Thanks for the encouragement. I keep reminding myself that goats have been kidding for thousands of years without help and they'll probably be fine. But I'm still reading everything I can!

Just one for Lily, you think? To me she looks huge, but then I'm new at this. If it is one, I hope it's a girl! I have a bad feeling that I'm going to get nothing but bucklings this spring....


----------



## ksalvagno (Oct 6, 2009)

Good luck!


----------



## ProvidenceHill (Sep 9, 2013)

Thanks! The happy news is that I have JUST found a vet who will make a farm call here and will treat goats. Up until now the only goat vet was over an hour away. Hopefully I won't need him, but it's great to find out he's there and within 30 minutes in case there's an emergency. That makes me feel much better.


----------



## sassykat6181 (Nov 28, 2012)

The red tinge suggests she needs copper. Does she have a fishtail? The hair will part and the tip will be bald


----------



## ksalvagno (Oct 6, 2009)

I would have him come out on a well visit and have him do something. Gets you on the books and they are more willing to come at late hours.


----------



## ProvidenceHill (Sep 9, 2013)

No, both tails look normal. Lily does have a bald patch on the bridge of her nose, but I thought that was from rubbing it on the hay feeder while digging for the choice bits! They both have really thick winter coats. They are getting Southern States 16% textured goat feed, BOSS, and alfalfa pellets, plus free choice hay (mostly orchard grass & clover) and Manna Pro Goat Mineral (1350 PPM copper). Although I don't think they eat much of the loose mineral, it seems to stay around for a long time. Should I think about copper bolusing? I'm nervous about doing it when they are pregnant.

Karen, good idea re: the vet.


----------



## ProvidenceHill (Sep 9, 2013)

Updated pics of Lily from today (Day 146) - surely there's more than just ONE in there?!

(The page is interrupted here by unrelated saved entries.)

lemma det_add_const_mat:
  fixes B :: "'a :: field mat"
  assumes B: "B \<in> carrier_mat n n" and d: "constant_row_sum B d" "d \<noteq> 0"
  shows "det (B + mat n n (\<lambda>_. s)) = (1 + of_nat n * s / d) * det B"
proof -
  \<comment> \<open>Row operations reduce the bordered matrix K to B plus the all-s matrix, column
    operations (which use the row sums of B) to the blocks 1 + n s / d and B.\<close>
  let ?K = "four_block_mat (1\<^sub>m 1) (mat 1 n (\<lambda>_. 1)) (mat n 1 (\<lambda>_. -s)) B"
  let ?P = "four_block_mat (1\<^sub>m 1) (0\<^sub>m 1 n) (mat n 1 (\<lambda>_. s)) (1\<^sub>m n)"
  let ?Q = "four_block_mat (1\<^sub>m 1) (0\<^sub>m 1 n) (mat n 1 (\<lambda>_. s/d)) (1\<^sub>m n)"
  have K: "?K \<in> carrier_mat (1+n) (1+n)" using B by auto
  have P: "?P \<in> carrier_mat (1+n) (1+n)" and Q: "?Q \<in> carrier_mat (1+n) (1+n)" by auto
  have "det ?P = 1" and "det ?Q = 1"
    by (subst det_four_block_mat_upper_right_zero[of _ 1 _ n]; simp)+
  then have det_PK: "det (?P * ?K) = det ?K" and det_KQ: "det (?K * ?Q) = det ?K"
    using det_mult[OF P K] det_mult[OF K Q] by simp_all
  have PK: "?P * ?K = four_block_mat (1\<^sub>m 1) (mat 1 n (\<lambda>_. 1)) (0\<^sub>m n 1) (B + mat n n (\<lambda>_. s))"
    using B by (subst mult_four_block_mat) (auto simp: const_mat_mult_const_mat add_const_mat)
  have KQ: "?K * ?Q = four_block_mat (mat 1 1 (\<lambda>_. 1 + of_nat n * s / d)) (mat 1 n (\<lambda>_. 1)) (0\<^sub>m n 1) B"
    using B d by (subst mult_four_block_mat) (auto simp: const_mat_mult_const_mat add_const_mat mult_const_mat_right)
  have "det (B + mat n n (\<lambda>_. s)) = det ?K"
    unfolding det_PK[symmetric] PK using B by (subst det_four_block_mat_lower_left_zero[of _ 1 _ n]) auto
  also have "det ?K = (1 + of_nat n * s / d) * det B"
    unfolding det_KQ[symmetric] KQ using B by (subst det_four_block_mat_lower_left_zero[of _ 1 _ n]) (auto simp: det_single)
  finally show ?thesis .
qed

lemma det_four_block_const_mat_schur:
  fixes B1 :: "'a :: field mat"
  assumes B1: "B1 \<in> carrier_mat n1 n1" and B2: "B2 \<in> carrier_mat n2 n2"
    and d1: "constant_row_sum B1 d1" "d1 \<noteq> 0"
  shows "det (four_block_mat B1 (mat n1 n2 (\<lambda>_. a)) (mat n2 n1 (\<lambda>_. b)) B2)
    = det B1 * det (B2 + mat n2 n2 (\<lambda>_. - (of_nat n1 * a * b / d1)))"
proof -
  let ?N = "four_block_mat B1 (mat n1 n2 (\<lambda>_. a)) (mat n2 n1 (\<lambda>_. b)) B2"
  let ?L = "four_block_mat (1\<^sub>m n1) (mat n1 n2 (\<lambda>_. - (a/d1))) (0\<^sub>m n2 n1) (1\<^sub>m n2)"
  have N: "?N \<in> carrier_mat (n1+n2) (n1+n2)" using B1 B2 by auto
  have L: "?L \<in> carrier_mat (n1+n2) (n1+n2)" by auto
  have "det ?L = 1"
    by (subst det_four_block_mat_lower_left_zero[of _ n1 _ n2]) auto
  then have det_NL: "det (?N * ?L) = det ?N"
    using det_mult[OF N L] by simp
  have NL: "?N * ?L = four_block_mat B1 (0\<^sub>m n1 n2) (mat n2 n1 (\<lambda>_. b))
      (B2 + mat n2 n2 (\<lambda>_. - (of_nat n1 * a * b / d1)))"
    using B1 B2 d1
    by (subst mult_four_block_mat) (auto simp: const_mat_mult_const_mat add_const_mat mult_const_mat_right)
  show ?thesis
    unfolding det_NL[symmetric] NL using B1 B2
    by (subst det_four_block_mat_upper_right_zero[of _ n1 _ n2]) auto
qed
definition cloc_j :: "'a::comm_ring_1 topology \<Rightarrow> 'a set \<Rightarrow> 'a \<Rightarrow> ('a set \<Rightarrow> ('a \<times> 'a) set)" where
  "cloc_j T S x = restrict (\<lambda>a. loc_rel S a `` {(x, 1)}) (open_ideals T)"

definition loc_add :: "'a::comm_ring_1 set \<Rightarrow> 'a set \<Rightarrow> ('a \<times> 'a) set \<Rightarrow> ('a \<times> 'a) set \<Rightarrow> ('a \<times> 'a) set" where
  "loc_add S a C D = (let (x, s) = (SOME p. p \<in> C); (y, t) = (SOME q. q \<in> D)
                      in loc_rel S a `` {(x * t + y * s, s * t)})"

definition loc_mult :: "'a::comm_ring_1 set \<Rightarrow> 'a set \<Rightarrow> ('a \<times> 'a) set \<Rightarrow> ('a \<times> 'a) set \<Rightarrow> ('a \<times> 'a) set" where
  "loc_mult S a C D = (let (x, s) = (SOME p. p \<in> C); (y, t) = (SOME q. q \<in> D)
                      in loc_rel S a `` {(x * y, s * t)})"

definition cloc_add :: "'a::comm_ring_1 topology \<Rightarrow> 'a set \<Rightarrow> ('a set \<Rightarrow> ('a \<times> 'a) set) \<Rightarrow> ('a set \<Rightarrow> ('a \<times> 'a) set) \<Rightarrow> ('a set \<Rightarrow> ('a \<times> 'a) set)" where
  "cloc_add T S F G = restrict (\<lambda>a. loc_add S a (F a) (G a)) (open_ideals T)"

definition cloc_mult :: "'a::comm_ring_1 topology \<Rightarrow> 'a set \<Rightarrow> ('a set \<Rightarrow> ('a \<times> 'a) set) \<Rightarrow> ('a set \<Rightarrow> ('a \<times> 'a) set) \<Rightarrow> ('a set \<Rightarrow> ('a \<times> 'a) set)" where
  "cloc_mult T S F G = restrict (\<lambda>a. loc_mult S a (F a) (G a)) (open_ideals T)"
(* Let $(E,P,\vartheta)$ be a complete bipolar metric space and let $F\colon E\cup P\to E\cup P$ satisfy $F(E)\subseteq E$, $F(P)\subseteq P$. Suppose there exist $\pi\in(0,1)$, an integer $\sigma\geq 1$ and constants $q_1,\dots,q_\sigma\in(0,\infty)$ such that $$\sum_{\upsilon=1}^{\sigma} q_\upsilon\,\vartheta^\upsilon(Fe,Ff)\leq\pi\sum_{\upsilon=1}^{\sigma}q_\upsilon\,\vartheta^\upsilon(e,f)\quad\text{for all } e\in E,\ f\in P.$$ Then $F$ has a unique fixed point.
   Context: A bipolar metric space is a triple $(E,P,\vartheta)$ where $E,P$ are nonempty sets and $\vartheta\colon E\times P\to[0,\infty)$ satisfies: (1) for $e\in E$, $f\in P$, $\vartheta(e,f)=0$ iff $e=f$; (2) $\vartheta(e,f)=\vartheta(f,e)$ whenever $e,f\in E\cap P$; (3) $\vartheta(e,f)\leq\vartheta(e,z)+\vartheta(r,z)+\vartheta(r,f)$ for all $e,r\in E$, $z,f\in P$. A sequence $(x_n)$ in $E$ converges to $y\in P$ if $\vartheta(x_n,y)\to0$; a sequence $(y_n)$ in $P$ converges to $x\in E$ if $\vartheta(x,y_n)\to0$. A bisequence $(x_n,y_n)$ with $x_n\in E$, $y_n\in P$ is Cauchy if for every $\varepsilon>0$ there is $N$ with $\vartheta(x_n,y_m)<\varepsilon$ for all $n,m\geq N$; the space is complete if every Cauchy bisequence is convergent. $\vartheta^\upsilon$ denotes the $\upsilon$-th power of $\vartheta$. A fixed point of $F$ is a point $g$ with $Fg=g$. *)

theory Defs
  imports Complex_Main
begin

text \<open>Bipolar metric space (E, P, d): d is only meaningful on E \<times> P.\<close>
definition bipolar_metric_space :: "'a set \<Rightarrow> 'a set \<Rightarrow> ('a \<Rightarrow> 'a \<Rightarrow> real) \<Rightarrow> bool" where
  "bipolar_metric_space E P d \<longleftrightarrow>
     E \<noteq> {} \<and> P \<noteq> {} \<and>
     (\<forall>e\<in>E. \<forall>f\<in>P. d e f \<ge> 0) \<and>
     (\<forall>e\<in>E. \<forall>f\<in>P. d e f = 0 \<longleftrightarrow> e = f) \<and>
     (\<forall>e\<in>E \<inter> P. \<forall>f\<in>E \<inter> P. d e f = d f e) \<and>
     (\<forall>e\<in>E. \<forall>r\<in>E. \<forall>z\<in>P. \<forall>f\<in>P. d e f \<le> d e z + d r z + d r f)"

The poor girl's so uncomfortable, she makes little groaning noises all the time. Reminds me of my own late pregnancies, poor thing.


----------



## ksalvagno (Oct 6, 2009)

At least she is close. I never try to guess how many because I'm usually wrong.


----------



## ProvidenceHill (Sep 9, 2013)

It's a boy....and a boy....and a BOY! (Sigh.) They weighed 8#, 9#, and 10#.





Next up, Clover, due April 1. I'm guessing one big buckling.:roll:


----------



## sassykat6181 (Nov 28, 2012)

So cute! Congrats.


----------



## Riggers (Dec 11, 2013)

Awww. They're adorable even if all stinky boys.


----------



## Little-Bits-N-Pieces (Apr 7, 2013)

Wow! Was not expecting that! Big boys, sorry there wasn't a doe.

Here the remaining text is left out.